▶ **WHAT TO PRODUCE**:
For each line below that contains the word "imports", return that line.

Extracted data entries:

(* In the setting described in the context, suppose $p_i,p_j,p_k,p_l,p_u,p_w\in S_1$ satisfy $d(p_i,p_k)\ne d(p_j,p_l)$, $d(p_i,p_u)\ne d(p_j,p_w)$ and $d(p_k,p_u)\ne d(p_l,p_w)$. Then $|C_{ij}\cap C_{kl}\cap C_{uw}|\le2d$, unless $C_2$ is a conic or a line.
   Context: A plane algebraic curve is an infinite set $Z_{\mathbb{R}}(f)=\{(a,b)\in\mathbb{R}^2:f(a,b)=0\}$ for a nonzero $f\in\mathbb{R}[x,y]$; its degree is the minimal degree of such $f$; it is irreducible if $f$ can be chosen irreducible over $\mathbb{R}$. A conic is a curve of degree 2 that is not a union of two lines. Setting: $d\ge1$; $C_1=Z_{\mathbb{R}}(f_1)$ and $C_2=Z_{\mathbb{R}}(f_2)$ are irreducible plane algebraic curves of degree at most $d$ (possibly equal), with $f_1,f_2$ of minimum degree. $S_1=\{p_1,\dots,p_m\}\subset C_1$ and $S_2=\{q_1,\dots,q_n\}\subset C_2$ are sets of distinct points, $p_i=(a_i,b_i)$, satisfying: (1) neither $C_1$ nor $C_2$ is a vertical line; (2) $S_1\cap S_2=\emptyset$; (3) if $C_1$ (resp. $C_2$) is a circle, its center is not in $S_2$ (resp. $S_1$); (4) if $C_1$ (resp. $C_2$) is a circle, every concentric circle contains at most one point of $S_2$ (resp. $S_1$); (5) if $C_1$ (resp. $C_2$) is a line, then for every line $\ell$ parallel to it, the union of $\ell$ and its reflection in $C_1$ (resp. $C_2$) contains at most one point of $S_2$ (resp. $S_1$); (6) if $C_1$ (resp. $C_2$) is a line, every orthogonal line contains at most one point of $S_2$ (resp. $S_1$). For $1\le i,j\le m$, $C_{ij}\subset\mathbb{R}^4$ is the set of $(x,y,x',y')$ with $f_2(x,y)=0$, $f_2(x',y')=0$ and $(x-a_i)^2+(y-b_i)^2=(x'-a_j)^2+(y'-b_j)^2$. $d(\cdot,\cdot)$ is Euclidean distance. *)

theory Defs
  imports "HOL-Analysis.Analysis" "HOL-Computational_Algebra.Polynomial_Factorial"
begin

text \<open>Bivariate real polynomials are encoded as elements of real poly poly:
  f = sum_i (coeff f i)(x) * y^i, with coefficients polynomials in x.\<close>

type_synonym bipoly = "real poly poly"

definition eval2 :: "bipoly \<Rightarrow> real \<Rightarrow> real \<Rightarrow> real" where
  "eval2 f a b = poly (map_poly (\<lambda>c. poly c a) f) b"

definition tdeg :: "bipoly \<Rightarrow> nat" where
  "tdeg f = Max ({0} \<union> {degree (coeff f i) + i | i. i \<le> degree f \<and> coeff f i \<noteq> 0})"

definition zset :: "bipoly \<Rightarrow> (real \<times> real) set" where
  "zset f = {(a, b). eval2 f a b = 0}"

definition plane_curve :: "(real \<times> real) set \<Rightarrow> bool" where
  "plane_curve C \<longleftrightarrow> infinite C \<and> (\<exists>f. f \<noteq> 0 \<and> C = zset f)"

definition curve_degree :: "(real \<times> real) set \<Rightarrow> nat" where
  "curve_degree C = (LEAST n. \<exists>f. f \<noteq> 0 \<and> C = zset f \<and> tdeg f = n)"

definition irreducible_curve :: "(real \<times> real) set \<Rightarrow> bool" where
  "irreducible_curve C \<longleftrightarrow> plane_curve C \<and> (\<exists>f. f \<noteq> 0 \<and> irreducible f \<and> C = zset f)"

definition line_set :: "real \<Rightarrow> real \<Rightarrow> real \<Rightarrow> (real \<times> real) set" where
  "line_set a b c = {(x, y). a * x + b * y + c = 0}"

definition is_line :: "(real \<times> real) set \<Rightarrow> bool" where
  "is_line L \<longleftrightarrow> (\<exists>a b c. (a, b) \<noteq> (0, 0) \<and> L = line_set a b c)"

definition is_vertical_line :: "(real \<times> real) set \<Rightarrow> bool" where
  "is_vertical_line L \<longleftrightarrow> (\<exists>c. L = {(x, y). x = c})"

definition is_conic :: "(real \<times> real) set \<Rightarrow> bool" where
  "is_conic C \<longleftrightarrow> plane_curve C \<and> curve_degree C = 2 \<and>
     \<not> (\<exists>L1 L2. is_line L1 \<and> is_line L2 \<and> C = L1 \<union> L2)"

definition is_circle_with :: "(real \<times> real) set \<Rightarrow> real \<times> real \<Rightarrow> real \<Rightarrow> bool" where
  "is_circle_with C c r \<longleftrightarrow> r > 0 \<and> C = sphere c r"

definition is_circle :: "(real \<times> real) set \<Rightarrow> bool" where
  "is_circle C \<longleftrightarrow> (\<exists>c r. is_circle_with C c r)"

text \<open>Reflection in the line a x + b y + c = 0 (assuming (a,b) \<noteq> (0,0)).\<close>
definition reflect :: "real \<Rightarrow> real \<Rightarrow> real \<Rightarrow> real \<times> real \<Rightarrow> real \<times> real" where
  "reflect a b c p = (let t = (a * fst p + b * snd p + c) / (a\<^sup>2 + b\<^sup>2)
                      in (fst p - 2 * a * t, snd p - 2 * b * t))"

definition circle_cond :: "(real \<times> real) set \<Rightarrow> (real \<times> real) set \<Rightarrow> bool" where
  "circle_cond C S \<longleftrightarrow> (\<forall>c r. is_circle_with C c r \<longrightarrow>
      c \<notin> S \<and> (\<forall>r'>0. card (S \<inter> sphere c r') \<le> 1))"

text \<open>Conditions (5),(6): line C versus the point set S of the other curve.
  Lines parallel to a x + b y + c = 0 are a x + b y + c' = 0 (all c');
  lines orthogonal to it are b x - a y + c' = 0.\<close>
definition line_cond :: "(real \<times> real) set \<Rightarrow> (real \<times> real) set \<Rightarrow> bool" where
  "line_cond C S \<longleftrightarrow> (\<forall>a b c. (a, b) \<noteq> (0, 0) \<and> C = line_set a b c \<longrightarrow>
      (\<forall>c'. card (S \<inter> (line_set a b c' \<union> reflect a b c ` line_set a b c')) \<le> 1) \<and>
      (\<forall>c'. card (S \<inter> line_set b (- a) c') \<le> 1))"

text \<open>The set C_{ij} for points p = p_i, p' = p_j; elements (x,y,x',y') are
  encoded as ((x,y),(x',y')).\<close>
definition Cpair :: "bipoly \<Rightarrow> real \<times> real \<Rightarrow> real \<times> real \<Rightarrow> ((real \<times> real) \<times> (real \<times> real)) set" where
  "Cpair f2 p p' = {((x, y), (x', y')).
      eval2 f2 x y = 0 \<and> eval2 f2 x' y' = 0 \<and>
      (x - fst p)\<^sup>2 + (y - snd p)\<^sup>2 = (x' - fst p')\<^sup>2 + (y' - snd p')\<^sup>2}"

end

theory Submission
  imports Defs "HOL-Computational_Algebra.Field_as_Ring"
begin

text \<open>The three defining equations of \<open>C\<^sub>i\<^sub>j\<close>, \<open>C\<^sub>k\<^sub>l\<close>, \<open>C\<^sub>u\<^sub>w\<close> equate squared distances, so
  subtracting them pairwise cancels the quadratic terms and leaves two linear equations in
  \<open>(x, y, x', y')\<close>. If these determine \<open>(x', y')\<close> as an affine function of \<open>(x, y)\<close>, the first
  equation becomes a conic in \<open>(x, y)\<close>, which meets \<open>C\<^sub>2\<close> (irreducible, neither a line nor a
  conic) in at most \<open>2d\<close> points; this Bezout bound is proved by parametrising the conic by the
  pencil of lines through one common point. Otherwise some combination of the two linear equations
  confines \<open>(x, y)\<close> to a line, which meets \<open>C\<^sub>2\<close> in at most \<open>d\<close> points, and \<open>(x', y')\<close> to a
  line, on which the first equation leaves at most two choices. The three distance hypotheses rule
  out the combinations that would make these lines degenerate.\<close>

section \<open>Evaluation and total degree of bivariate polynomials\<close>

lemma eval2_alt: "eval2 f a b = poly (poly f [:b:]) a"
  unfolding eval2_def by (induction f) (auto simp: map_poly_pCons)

...

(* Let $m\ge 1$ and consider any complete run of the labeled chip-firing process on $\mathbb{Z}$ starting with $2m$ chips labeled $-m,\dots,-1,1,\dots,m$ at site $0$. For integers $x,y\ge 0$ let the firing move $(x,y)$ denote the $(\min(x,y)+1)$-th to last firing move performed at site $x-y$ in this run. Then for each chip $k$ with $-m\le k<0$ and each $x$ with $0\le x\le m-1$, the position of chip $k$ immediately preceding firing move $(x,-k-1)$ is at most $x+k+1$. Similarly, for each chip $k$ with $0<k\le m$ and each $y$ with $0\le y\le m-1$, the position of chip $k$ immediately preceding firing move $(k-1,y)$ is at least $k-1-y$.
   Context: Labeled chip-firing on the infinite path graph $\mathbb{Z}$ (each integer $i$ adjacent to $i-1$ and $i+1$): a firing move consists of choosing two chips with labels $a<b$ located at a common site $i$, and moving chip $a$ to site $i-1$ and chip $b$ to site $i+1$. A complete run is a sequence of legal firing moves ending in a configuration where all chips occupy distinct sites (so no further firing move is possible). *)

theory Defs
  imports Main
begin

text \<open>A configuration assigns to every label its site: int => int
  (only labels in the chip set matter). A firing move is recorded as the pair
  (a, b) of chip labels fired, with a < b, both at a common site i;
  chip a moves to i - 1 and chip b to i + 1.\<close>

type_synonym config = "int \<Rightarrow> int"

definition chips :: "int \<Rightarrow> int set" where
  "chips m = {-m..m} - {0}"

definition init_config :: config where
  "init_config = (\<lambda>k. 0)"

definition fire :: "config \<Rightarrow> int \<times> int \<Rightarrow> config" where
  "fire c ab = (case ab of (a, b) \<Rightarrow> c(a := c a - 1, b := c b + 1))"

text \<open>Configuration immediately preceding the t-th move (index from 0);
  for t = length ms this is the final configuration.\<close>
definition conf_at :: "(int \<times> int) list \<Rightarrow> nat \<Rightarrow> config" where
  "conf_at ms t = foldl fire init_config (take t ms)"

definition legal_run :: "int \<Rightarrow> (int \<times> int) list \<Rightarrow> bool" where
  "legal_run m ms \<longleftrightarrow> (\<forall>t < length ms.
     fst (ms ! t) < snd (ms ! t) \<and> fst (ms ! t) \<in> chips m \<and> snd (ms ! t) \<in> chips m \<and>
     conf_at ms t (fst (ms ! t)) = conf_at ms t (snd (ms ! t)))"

▶ **THE ANSWER**:
  imports "HOL-Analysis.Analysis" "HOL-Computational_Algebra.Polynomial_Factorial"
  imports Defs "HOL-Computational_Algebra.Field_as_Ring"
  imports Main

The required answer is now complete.